Let's check how it related to the real function. Above log was generated for the following function:

/
[FunctionName("UserList")]
public static Task<HttpResponseMessage> UserList(
	[HttpTrigger(AuthorizationLevel.Anonymous, "get", Route = "user")] HttpRequestMessage req,
	[Table("User", "AzureWebJobsStorage")] IQueryable<UserEntity> users,
	[Table("UserXCompany", "AzureWebJobsStorage")] IQueryable<UserXCompanyEntity> usersXCompanies,
	[Table("Company", "AzureWebJobsStorage")] IQueryable<Company.CompanyEntity> companies,
	TraceWriter log)
{
	var usersQuery = users.Take(20).ToList().Select(_ => new
	{
		Login = _.Login,
		Name = _.Name,
		Surname = _.Surname,
		Company = FindUserCompanies(_, usersXCompanies, companies)
	});

	var response = req.CreateResponse(HttpStatusCode.OK,
		usersQuery);

	return Task.FromResult(response);
}

private static List<string> FindUserCompanies(UserEntity user, IQueryable<UserXCompanyEntity> usersXCompanies,
	IQueryable<Company.CompanyEntity> companies)
{
	var values = usersXCompanies.Where(_ => _.PartitionKey == user.RowKey).ToList();
	return values.Select(value => companies.Where(_ => _.RowKey == value.RowKey).First().Name).ToList();
}

I was expecting to see 3 queries(per each User loaded).
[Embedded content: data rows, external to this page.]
lemma level_flow_sum_eq_one:
  assumes "1 \<le> n" and L: "\<forall>j<n. in_Lc (l j)"
  obtains y where "(\<Sum>j<n. level_flow l t j y) = 1"
proof -
  define S where "S y = (\<Sum>j<n. level_flow l t j y)" for y
  define lo where "lo = Min ((\<lambda>j. l j 0 + t j) ` {..<n})"
  define hi where "hi = Max ((\<lambda>j. l j 1 + t j) ` {..<n})"
  have cost: "continuous_on {0..1} (\<lambda>z. l j z + t j)" "strict_mono_on {0..1} (\<lambda>z. l j z + t j)"
    if "j < n" for j
    using in_Lc_cost_on_unit_interval L that by auto
  have "S lo = 0"
    unfolding S_def level_flow_def lo_def using cost by (simp add: clamp_inv_below)
  moreover have "S hi = n"
    unfolding S_def level_flow_def hi_def using cost by (simp add: clamp_inv_above)
  moreover have "lo \<le> hi"
  proof -
    have "lo \<le> l 0 0 + t 0" "l 0 1 + t 0 \<le> hi"
      using \<open>1 \<le> n\<close> unfolding lo_def hi_def by auto
    moreover have "l 0 0 + t 0 \<le> l 0 1 + t 0"
      using cost(2)[of 0] \<open>1 \<le> n\<close> by (simp add: strict_mono_on_def less_imp_le)
    ultimately show ?thesis by linarith
  qed
  moreover have "continuous_on {lo..hi} S"
    unfolding S_def using continuous_level_flow L
    by (intro continuous_on_sum) (blast intro: continuous_on_subset)
  ultimately obtain y where "S y = 1"
    using IVT'[of S lo 1 hi] \<open>1 \<le> n\<close> by auto
  then show thesis unfolding S_def by (rule that)
qed

lemma wardrop_level_flow:
  assumes L: "\<forall>j<n. in_Lc (l j)" and sum: "(\<Sum>j<n. level_flow l t j y) = 1"
  shows "wardrop n l t (\<lambda>k. if k < n then level_flow l t k y else 0)" (is "wardrop n l t ?x")
proof -
  have cost: "continuous_on {0..1} (\<lambda>z. l j z + t j)" "strict_mono_on {0..1} (\<lambda>z. l j z + t j)"
    if "j < n" for j
    using in_Lc_cost_on_unit_interval L that by auto
  have nonneg: "\<forall>k<n. 0 \<le> ?x k" using level_flow_mem L by simp
  have "l i (?x i) + t i \<le> l j (?x j) + t j" if ij: "i < n" "j < n" "0 < ?x i" for i j
  proof -
    have "l i (?x i) + t i \<le> y"
      using clamp_inv_pos_imp_le[OF cost[OF ij(1)]] ij unfolding level_flow_def by simp
    moreover have "y \<le> l j (?x j) + t j" if "?x j < 1"
      using clamp_inv_less_one_imp_ge[OF cost[OF ij(2)]] ij that unfolding level_flow_def by simp
    moreover have "?x j < 1" if "i \<noteq> j"
      using sum_two_le[OF nonneg ij(1,2) that] sum ij by simp
    ultimately show ?thesis by (cases "i = j") auto
  qed
  then show ?thesis using nonneg sum by (simp add: wardrop_def feasible_flow_def)
qed

lemma wardrop_eq_flow:
  assumes "1 \<le> n" and L: "\<forall>j<n. in_Lc (l j)"
  shows "wardrop n l t (eq_flow n l t)"
proof -
  obtain y where "(\<Sum>j<n. level_flow l t j y) = 1"
    using level_flow_sum_eq_one[OF assms] .
  then have w: "wardrop n l t (\<lambda>k. if k < n then level_flow l t k y else 0)"
    by (rule wardrop_level_flow[OF L])
  have "eq_flow n l t = (\<lambda>k. if k < n then level_flow l t k y else 0)"
    by (rule eq_flow_eqI[OF _ w]) (use L in_Lc_strict_mono_on in auto)
  with w show ?thesis by simp
qed

lemma eventually_at_left_less: "\<forall>\<^sub>F y in at_left (x::real). y < x"
  unfolding eventually_at_left_field by (intro exI[of _ "x - 1"]) auto
(* (1) For all $\lambda,\mu\in Y^+$, $(\lambda+\mu)^{++}\le_{Q^\vee}\lambda^{++}+\mu^{++}$. (2) For all $\mu\in Y^+$, $v\in W^v$ and $\nu\in R_v(\mu)$, one has $\nu\in Y^+$ and $\nu^{++}\le_{Q^\vee}\mu^{++}$.
   Context: $I$ finite, $A$ a generalized Cartan matrix, $Y$ a free $\mathbb Z$-module of finite rank with free family $(\alpha_i^\vee)_{i\in I}$ and $\alpha_i\in\mathrm{Hom}(Y,\mathbb Z)$ (free family) with $\alpha_j(\alpha_i^\vee)=a_{i,j}$; $\mathbb A=Y\otimes\mathbb R$; $r_i(v)=v-\alpha_i(v)\alpha_i^\vee$; $W^v=\langle r_i\rangle$; $Q^\vee=\bigoplus\mathbb Z\alpha_i^\vee$, $Q^\vee_+=\bigoplus\mathbb N\alpha_i^\vee$, $x\le_{Q^\vee}y$ iff $y-x\in Q^\vee_+$; $C^v_f=\{\alpha_i>0\ \forall i\}$, $\mathcal T=\bigcup_w w\overline{C^v_f}$, $Y^+=Y\cap\mathcal T$. For $\lambda\in\mathcal T$, $\lambda^{++}$ is the unique element of $W^v\lambda\cap\overline{C^v_f}$. For $E\subset Y$, $R_i(E)=\mathrm{conv}(E\cup r_i(E))\cap(E+Q^\vee)$; $R_w(\lambda)=\bigcup R_{i_1}(\cdots R_{i_k}(\{\lambda\})\cdots)$ over all reduced expressions $w=r_{i_1}\cdots r_{i_k}$. *)

theory Defs
  imports "HOL-Analysis.Analysis"
begin

text \<open>The lattice Y of finite rank is
realised as the integer points of real^'d, so that the real span A = Y (x) R is real^'d.
Linear forms Y -> Z are exactly v |-> a \<bullet> v with a an integer vector; the simple roots
alpha_i are represented by such vectors rt i, the simple coroots alpha_i^vee by cor i.\<close>

definition gcm :: "('i \<Rightarrow> 'i \<Rightarrow> int) \<Rightarrow> bool" where
  "gcm A \<longleftrightarrow> (\<forall>i. A i i = 2) \<and> (\<forall>i j. i \<noteq> j \<longrightarrow> A i j \<le> 0)
      \<and> (\<forall>i j. A i j = 0 \<longleftrightarrow> A j i = 0)"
Note that those queries were created dynamically thanks to using IQueryable<>:

  • GET 'User', TOP 20
  • GET 'UserXCompany', PartitionKey = User.RowKey
  • GET 'Company', TOP 1, RowKey = UserXCompany.RowKey

Did I get them?

16.02.2018 22:13:16 [Verbose_debug] [ActivityId=eba444dc-2752-4d92-a993-a96f4b8ab771] Got request GET http://127.0.0.1:10002/devstoreaccount1/User?$top=20 2015-12-11

16.02.2018 22:13:17 [Verbose_debug] [ActivityId=e08f0361-1901-493f-b1cc-885d8a3fd6d8] Got request GET http://127.0.0.1:10002/devstoreaccount1/UserXCompany?$filter=PartitionKey%20eq%20%27b55cf6d6-0012-480d-a792-9d4bb0813431%27 2015-12-11

16.02.2018 22:13:17 [Verbose_debug] [ActivityId=11f9e8e6-f345-4a65-8221-0be27c9edbaa] Got request GET http://127.0.0.1:10002/devstoreaccount1/Company?$filter=RowKey%20eq%20%272de37ce9-b012-43f9-9c09-ba1107bddaaf%27&$top=1 2015-12-11

What now?

Now when I'm able to see how it looks under the hood I'm both confident, that the code I wrote works as expected and I'm able to tweak queries if I must. Maybe I should store Company information with a User to save one query? Maybe I should limit UserXCompany rows fetched? There many possibilities but once you're ready for changes, things should be easier in the future.